For Denver, Tony Scheffter creates matchup problems because the Broncos can align him out of position and away from the formation. He can line up as the “X” receiver on the backside, or when the Broncos go three strong, he can align as the No.2 or the No.3. Unless you bring in a dime package, he’s going to face a safety on third downs.
Broncos’ third-down passing
What was interesting about the Broncos’ game plan on third downs was the simplicity of their routes. Whether it was Scheffter or WR Brandon Marshall, Denver ran slants, rub routes to the flat or hitch routes because they were able to move the ball enough on first and second down to set up manageable passing situations.

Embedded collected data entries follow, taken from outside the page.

(* Let $M$ be an even positive integer, $m=\lceil\log_2M\rceil$, and let $h_0,\dots,h_{M-1}$ be the filter coefficients of a wavelet of order $M$, with $h:=\sum_{\ell=0}^{M-1}|h_\ell|$. Then: (i) an $m$-qubit unitary LINPREP with $\mathrm{LINPREP}|0^m\rangle=\sum_{\ell=0}^{M-1}h_\ell|\ell\rangle$ can be executed using $\mathcal{O}(M\log_2M)$ elementary gates and $\lceil\log_2M\rceil$ borrowed qubits; (ii) $m$-qubit unitaries PREP and UNPREP with $\mathrm{PREP}|0^m\rangle=\frac{1}{\sqrt h}\sum_{\ell=0}^{M-1}\sqrt{|h_\ell|}\,|\ell\rangle$ and $\mathrm{UNPREP}^\dagger|0^m\rangle=\frac{1}{\sqrt h}\sum_{\ell=0}^{M-1}\mathrm{sign}(h_\ell)\sqrt{|h_\ell|}\,|\ell\rangle$ can each be executed using $\mathcal{O}(M^{3/2})$ elementary gates and one ancilla qubit.
   Context: Wavelet of order $M$: real filter coefficients $h_0,\dots,h_{M-1}$ with $\sum_\ell h_\ell=\sqrt2$ and $\sum_\ell h_\ell^2=1$ (coming from an orthonormal wavelet). Elementary gates include arbitrary single-qubit gates (rotations with classically precomputed angles) and CNOT. An ancilla qubit starts and ends in $|0\rangle$; a borrowed qubit may start in any state and is returned to its original state. *)

theory Defs
  imports Complex_Main "Jordan_Normal_Form.Matrix"
begin

text \<open>An n-qubit state is a complex vector of dimension 2^n; the computational
  basis state with index x has qubit j equal to bit j of x (x div 2^j mod 2).
  Operators are complex 2^n x 2^n matrices.\<close>

definition qbit :: "nat \<Rightarrow> nat \<Rightarrow> nat" where
  "qbit x j = x div 2 ^ j mod 2"
text \<open>Count inside \<open>[0, m + K]\<close> with \<open>K = i t\<close>. An element \<open>x\<close> of \<open>S\<close> fails to lie in
  \<open>D(m + i\<^sub>0, \<dots>, m + i\<^sub>t)\<close> exactly when all \<open>m + i\<^sub>k - x\<close> are gaps, i.e. when the reflection
  \<open>m + K - x\<close> lies in the set of \<open>y\<close> all of whose translates \<open>y - (K - i\<^sub>k)\<close> are gaps; as
  \<open>m \<ge> 2c - 1\<close>, this reflection is a bijection onto that set. Passing from the shifts \<open>i\<^sub>k\<close> to
  \<open>0, \<dots>, t\<close> loses \<open>K - t\<close> elements of \<open>S\<close> from the window, and the gaps of \<open>S\<close> form rows
  (\<open>q (a + b) + r\<close> is a gap iff \<open>0 < r < a - q b\<close>), which yields an injection showing that the
  set of such \<open>y\<close> shrinks by at most \<open>K - t\<close>.\<close>

lemma mem_interval_semigroup_iff:
  "z \<in> interval_semigroup a b \<longleftrightarrow> (\<exists>n. n * a \<le> z \<and> z \<le> n * (a + b))"
proof
  assume "z \<in> interval_semigroup a b"
  then show "\<exists>n. n * a \<le> z \<and> z \<le> n * (a + b)"
    unfolding interval_semigroup_def
  proof (induction rule: monoid_gen.induct)
    case zero
    show ?case by auto
  next
    case (add g x)
    then obtain n where "n * a \<le> x" "x \<le> n * (a + b)" by auto
    with add.hyps(1) have "Suc n * a \<le> g + x \<and> g + x \<le> Suc n * (a + b)" by auto
    then show ?case by blast
  qed
next
  assume "\<exists>n. n * a \<le> z \<and> z \<le> n * (a + b)"
  then obtain n where "n * a \<le> z" "z \<le> n * (a + b)" by auto
  then show "z \<in> interval_semigroup a b"
    unfolding interval_semigroup_def
  proof (induction n arbitrary: z)
    case 0
    then show ?case using monoid_gen.zero by simp
  next
    case (Suc n)
    \<comment> \<open>peel off one generator, as large as possible\<close>
    define g where "g = min (a + b) (z - n * a)"
    have g: "g \<in> {a..a + b}" and z: "g + (z - g) = z"
      using Suc.prems by (auto simp: g_def)
    have "z - g \<in> monoid_gen {a..a + b}"
      using Suc.prems by (intro Suc.IH) (auto simp: g_def min_def algebra_simps)
    from monoid_gen.add[OF g this] show ?case by (simp only: z)
  qed
qed
(* Let $q$ be a power of $2$, let $V$ be a $2m$-dimensional vector space over $\mathbb{F}_q$, let $Q$ be a non-degenerate quadratic form on $V$ with associated (alternating) bilinear form $\beta_Q$, so that $\mathcal{C}(Q)\cong\mathrm{O}^\epsilon_{2m}(q)$ for some sign $\epsilon$. Let $X\in\mathcal{C}(Q)$ be semisimple with minimal polynomial $f\in\Phi$. (i) If $f\in\Phi_1$, then $X=I$ and $C_{\mathcal{C}(Q)}(X)=\mathcal{C}(Q)$. (ii) If $f\in\Phi_2\cup\Phi_3$, then $X^{{\rm GL}(V)}\cap\mathcal{C}(Q)=X^{\mathcal{C}(Q)}$ (a single $\mathcal{C}(Q)$-class), and $C_{\mathcal{C}(Q)}(X)=C_{\mathcal{C}(\beta_Q)}(X)$; in particular $C_{\mathrm{O}^\epsilon_{2m}(q)}(X)=C_{{\rm Sp}_{2m}(q)}(X)$.
   Context: $\beta_Q(v,w)=Q(v+w)-Q(v)-Q(w)$; $Q$ non-degenerate means $\beta_Q$ non-degenerate. $\mathcal{C}(Q)=\{g\in{\rm GL}(V):Q(vg)=Q(v)\}$, $\mathcal{C}(\beta_Q)$ the isometry group of $\beta_Q$ (a symplectic group). Semisimple means odd order. For monic $f=t^d+\cdots+a_0$ with $a_0\ne0$, $f^*(t)=a_0^{-1}t^df(t^{-1})$. $\Phi_1=\{t+1\}$ (monic irreducible self-dual of degree 1); $\Phi_2$: $gg^*$ with $g$ monic irreducible, $g\ne g^*$; $\Phi_3$: monic irreducible $f=f^*$ with $\deg f>1$; $\Phi=\Phi_1\cup\Phi_2\cup\Phi_3$. $X^H$ is the conjugacy class of $X$ in $H$. *)

theory Defs
  imports "HOL-Analysis.Analysis" "HOL-Computational_Algebra.Polynomial_Factorial"
begin

text \<open>Vectors of V = F^n are row vectors 'a^'n; g acts on the right: v g = v v* g.\<close>

definition mat_pow :: "'a::comm_ring_1^'n^'n \<Rightarrow> nat \<Rightarrow> 'a^'n^'n" where
  "mat_pow A k = ((\<lambda>B. B ** A) ^^ k) (mat 1)"

definition poly_mat :: "'a::comm_ring_1 poly \<Rightarrow> 'a^'n^'n \<Rightarrow> 'a^'n^'n" where
  "poly_mat f A = (\<Sum>i\<le>degree f. mat (coeff f i) ** mat_pow A i)"

definition is_min_poly :: "'a::field^'n^'n \<Rightarrow> 'a poly \<Rightarrow> bool" where
  "is_min_poly A f \<longleftrightarrow> lead_coeff f = 1 \<and> poly_mat f A = 0 \<and>
     (\<forall>g. g \<noteq> 0 \<and> poly_mat g A = 0 \<longrightarrow> degree f \<le> degree g)"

What happened to Chambers?
I’m still shocked that Chris Chambers isn’t a bigger part of the Chargers’ game plan. Coming into this game, he had only six receptions on the season, and the only catch he made against the Broncos came because of play action. He’s struggling to get off press coverage, and at times the Broncos rolled their coverage strong, played a cloud coverage weak over the top with a corner and walked a linebacker out to jam Chambers at the line of scrimmage. You won’t see that against top wideouts in this league. He has become a non-factor.
The Chargers’ front seven
I thought Ron Rivera’s defense came to play in the run game. Considering how poorly they played against the Steelers in their last outing, they looked physical and found a way to get some penetration against a very good Denver offensive line. But they also looked tired in the fourth quarter, and Denver altered the game plan to take advantage of that — leaning on the running game to eat up the clock. Even with that fourth quarter letdown, the Chargers allowed fewer than four yards per carry to the Broncos.
Champ is back
If Champ Bailey isn’t playing the best football at the cornerback position in the NFL right now, who is? He locked down Vincent Jackson when he was matched up in coverage, and his play allows the Broncos to pressure whenever they want to — because they don’t have to worry about his side of the field.
The bottom line
The Broncos looked and played like the better football team. I’d be lying if I said I predicted this hot start in Denver, but after six weeks, we can’t point to the schedule any more. This team is as real as it gets — and it’s well-coached on both sides of the ball.